LARGO - A Largo citizen, Curtis Holmes, made an extensive records request at the City Hall April 24, and his quest has turned up many items of interest, and some of at least mild alarm.
Holmes, an active voice in city affairs for years, was doing with his request in April what any citizen is entitled to do at any government center. That is, make a request for records.
In making such a request, one does not have to be a resident of that particular city, cannot, by law, be asked to give a name, address, phone number, Social Security number, a reason for the request or the purpose of the use of the information.
Any governmental entities requiring such information are violating the law. Belleair Beach, for instance, tried it a couple of years ago but the attempt was nipped in the bud.
The list of requests that Holmes made is extensive. He has already had some of them fulfilled and while use of the "L" word is avoided in this story, there is a variance with the facts on some of the answers given.
For example, Pat Gerard, who was then a commissioner, participated last October in discussion and voting on an issue in which she had a clear conflict of interest.
Holmes, citing the fact that Gerard at that time mentioned that she had met with and talked to Alan Zimmet, the city's lawyer, asked for notes on that meeting, including dates and times.
Zimmet's answer was a flat denial that he had met with Gerard on the matter.
Circumstances would indicate otherwise.
As an elected official, Gerard had to know about the law respecting conflict of interest. If not, then elected officials should be held have such knowledge under a strict liability theory meaning that they know or should know the law.
The law is this -
"Chapter 112.314 (3)(a) -- No county, municipal, or other local public officer shall vote in an official capacity upon any measure which would inure to his or her special private gain or loss; which he or she knows would inure to the special private gain or loss of any principal by whom he or she is retained or to the parent organization or subsidiary of a corporate principal by which he or she is retained . . ."
Gerard wanted to install a welfare program in the old library on behalf of her employer, Family Resources, Inc.
At the October meeting, she introduced Zimmet as having something to say before she embarked on her comments on behalf of her employer. This is on video tape and can be seen on the Largo web site.
One observer expressed the danger of that tape and other evidence being tampered with as was the case on several occasions when matters embarrassing to the city administration went missing from TV re-runs of the commission meetings.
Last October, Zimmet cited a St. Petersburg case as a precedent that allowed Gerard to participate and vote.
It turned out that the precedent was not even close to the Gerard situation. Later, Gerard's case before the state Ethics Commission was found to have probable cause but the recommendation was to do nothing, on the basis that the lawyer (Zimmet) said it was okay, thus establishing a new and unique defense in the annals of law.
The worst position Zimmet is left in is "I was wrong." This establishes a dangerous practice that would give governments unbridled power wherein a city lawyer, always in cahoots with the governing power, gives an okay for something and no claim for ethics violation can succeed.

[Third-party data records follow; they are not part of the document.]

text \<open>The last relative rank \<open>r\<^sub>t\<close> is uniform on \<open>{1..t}\<close> and independent of
  \<open>r\<^sub>1, \<dots>, r\<^sub>t\<^sub>-\<^sub>1\<close>.\<close>
lemma last_rel_rank_uniform:
  fixes f :: "nat list \<Rightarrow> real"
  assumes "j < n" "s \<in> {1..Suc j}"
  shows "(\<Sum>\<sigma>\<in>permutations_of_set {1..n}. (if relrank \<sigma> j = s then 1 else 0) * f (take j (rel_ranks \<sigma>))) =
         (\<Sum>\<sigma>\<in>permutations_of_set {1..n}. f (take j (rel_ranks \<sigma>))) / real (Suc j)"
proof -
  let ?S = "\<Sum>\<rho>\<in>permutations_of_set {1..j}. f (rel_ranks \<rho>)"
  define G where "G r = (if r ! j = s then f (take j r) else 0)" for r
  have "(\<Sum>\<sigma>\<in>permutations_of_set {1..n}. (if relrank \<sigma> j = s then 1 else 0) * f (take j (rel_ranks \<sigma>))) =
        (\<Sum>\<sigma>\<in>permutations_of_set {1..n}. G (take (Suc j) (rel_ranks \<sigma>)))"
    using assms by (intro sum.cong refl) (auto simp: G_def length_perm_interval)
  also have "\<dots> = fact n / fact (Suc j) * (\<Sum>\<rho>\<in>permutations_of_set {1..Suc j}. G (rel_ranks \<rho>))"
    using assms by (intro sum_permutations_rel_ranks_prefix) auto
  also have "(\<Sum>\<rho>\<in>permutations_of_set {1..Suc j}. G (rel_ranks \<rho>)) = ?S"
    unfolding G_def by (rule sum_permutations_last_rel_rank[OF assms(2)])
  also have "fact n / fact (Suc j) * ?S = (fact n / fact j * ?S) / real (Suc j)"
    by (simp add: field_simps)
  also have "fact n / fact j * ?S = (\<Sum>\<sigma>\<in>permutations_of_set {1..n}. f (take j (rel_ranks \<sigma>)))"
    using assms by (intro sum_permutations_rel_ranks_prefix[symmetric]) auto
  finally show ?thesis .
qed

section \<open>The conditional law of the overall rank\<close>

definition subsets_with_rank :: "nat \<Rightarrow> nat \<Rightarrow> nat \<Rightarrow> nat \<Rightarrow> nat set set" where
  "subsets_with_rank n m i s = {A. A \<subseteq> {1..n} \<and> card A = m \<and> i \<in> A \<and> card {y\<in>A. y \<le> i} = s}"

lemma subsets_with_rank_eq_image:
  assumes "i \<in> {1..n}" "1 \<le> s" "s \<le> m"
  shows "subsets_with_rank n m i s = (\<lambda>(B, C). B \<union> insert i C) `
    ({B. B \<subseteq> {1..<i} \<and> card B = s - 1} \<times> {C. C \<subseteq> {i<..n} \<and> card C = m - s})"
proof (intro equalityI subsetI)
  fix A assume "A \<in> subsets_with_rank n m i s"
  hence A: "A \<subseteq> {1..n}" "card A = m" "i \<in> A" "card {y\<in>A. y \<le> i} = s"
    by (auto simp: subsets_with_rank_def)
  define B where "B = {y\<in>A. y < i}"
  define C where "C = {y\<in>A. i < y}"
  have "finite A" using A(1) finite_subset by blast
  hence fin: "finite A" "finite B" "finite C" by (auto simp: B_def C_def)
  have "{y\<in>A. y \<le> i} = insert i B" using A(3) by (auto simp: B_def)
  hence cB: "card B = s - 1" using A(4) fin by (simp add: B_def)
  have split: "A = B \<union> insert i C" using A(3) by (auto simp: B_def C_def)
  have "card A = card B + Suc (card C)"
    by (subst split, subst card_Un_disjoint) (use fin in \<open>auto simp: B_def C_def\<close>)
  hence "card C = m - s" using A(2) cB assms by linarith
  hence "(B, C) \<in> {B. B \<subseteq> {1..<i} \<and> card B = s - 1} \<times> {C. C \<subseteq> {i<..n} \<and> card C = m - s}"
    using cB A(1) by (auto simp: B_def C_def)
  thus "A \<in> (\<lambda>(B, C). B \<union> insert i C) `
    ({B. B \<subseteq> {1..<i} \<and> card B = s - 1} \<times> {C. C \<subseteq> {i<..n} \<and> card C = m - s})"
    by (rule rev_image_eqI) (simp only: prod.case, rule split)
next
  fix X assume "X \<in> (\<lambda>(B, C). B \<union> insert i C) `
    ({B. B \<subseteq> {1..<i} \<and> card B = s - 1} \<times> {C. C \<subseteq> {i<..n} \<and> card C = m - s})"
  then obtain B C where B: "B \<subseteq> {1..<i}" "card B = s - 1" and C: "C \<subseteq> {i<..n}" "card C = m - s"
    and X: "X = B \<union> insert i C" by auto
  have fin: "finite B" "finite C" using B C finite_subset by auto
  have lt: "\<forall>x\<in>B. x < i" "\<forall>x\<in>C. i < x" using B C by auto
  have "B \<inter> insert i C = {}" using lt by fastforce
  hence "card X = card B + card (insert i C)"
    unfolding X using fin by (intro card_Un_disjoint) auto
  also have "card (insert i C) = Suc (card C)" using fin lt by auto
  moreover have "{y\<in>X. y \<le> i} = insert i B" using X lt by auto
  moreover have "i \<notin> B" using lt by auto
  ultimately show "X \<in> subsets_with_rank n m i s"
    using B C X fin assms by (auto simp: subsets_with_rank_def)
qed

lemma card_subsets_with_rank:
  assumes "i \<in> {1..n}" "1 \<le> s" "s \<le> m"
  shows "card (subsets_with_rank n m i s) = ((i - 1) choose (s - 1)) * ((n - i) choose (m - s))"
proof -
  let ?f = "\<lambda>(B, C). B \<union> insert i C"
  let ?BB = "{B. B \<subseteq> {1..<i} \<and> card B = s - 1}" and ?CC = "{C. C \<subseteq> {i<..n} \<and> card C = m - s}"
  have "inj_on ?f (?BB \<times> ?CC)"
  proof (rule inj_onI, clarify)
    fix B C B' C'
    assume sub: "B \<subseteq> {1..<i}" "C \<subseteq> {i<..n}" "B' \<subseteq> {1..<i}" "C' \<subseteq> {i<..n}"
      and eq: "B \<union> insert i C = B' \<union> insert i C'"
    from sub have "B = (B \<union> insert i C) \<inter> {..<i}" "B' = (B' \<union> insert i C') \<inter> {..<i}"
      and "C = (B \<union> insert i C) \<inter> {i<..}" "C' = (B' \<union> insert i C') \<inter> {i<..}" by auto
    thus "B = B' \<and> C = C'" unfolding eq by simp
  qed
  hence "card (subsets_with_rank n m i s) = card ?BB * card ?CC"
    unfolding subsets_with_rank_eq_image[OF assms] by (simp add: card_image card_cartesian_product)
  thus ?thesis by (simp add: n_subsets)
qed

lemma card_subsets_with_rank_eq_0:
  assumes "i \<in> {1..k} - {s..min k (n - m + s)}" "m \<le> n" "s \<in> {1..m}"
  shows "card (subsets_with_rank n m i s) = 0"
proof (cases "i \<le> n")
  case True
  have "i < s \<or> n - m + s < i" using assms(1) by auto
  hence "(i - 1) choose (s - 1) = 0 \<or> (n - i) choose (m - s) = 0"
    using assms True by (auto simp: binomial_eq_0_iff)
  thus ?thesis using assms True by (subst card_subsets_with_rank) auto
qed (auto simp: subsets_with_rank_def)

Anyone thinking of the circumstances in the Gerard conflict of interest case would come up with the scenario - probably true - that Gerard, aware of the conflict, talked to City Manager Steve Stanton about it and he brought Zimmet into the picture who then came up with the inapplicable precedent.
What is alarming is that Zimmet denies any meeting took place despite Gerard's very public testimony to the contrary.
In another shocking example of a city response to one of Holmes's requests that is at total variance with the facts, was his asking for Stanton's communications to the Charter Review Committee.
The response to that was this -
"No written correspondence was sent to the Charter Commission."
In direct contradiction of this answer is the letter dated November 23, 2005 from Stanton to the City Commission which was also sent to the Charter Commission. Obviously, a copy of any letter sent to the Charter group constitutes correspondence.
The seven-page letter outlined what Stanton thought should be in the charter. The City Commission saw to it that most of his ideas were incorporated, making a joke, in the final analysis, of the whole charter review.
These are just two examples of what Holmes's requests have unearthed. Others are currently undergoing exploration and examination.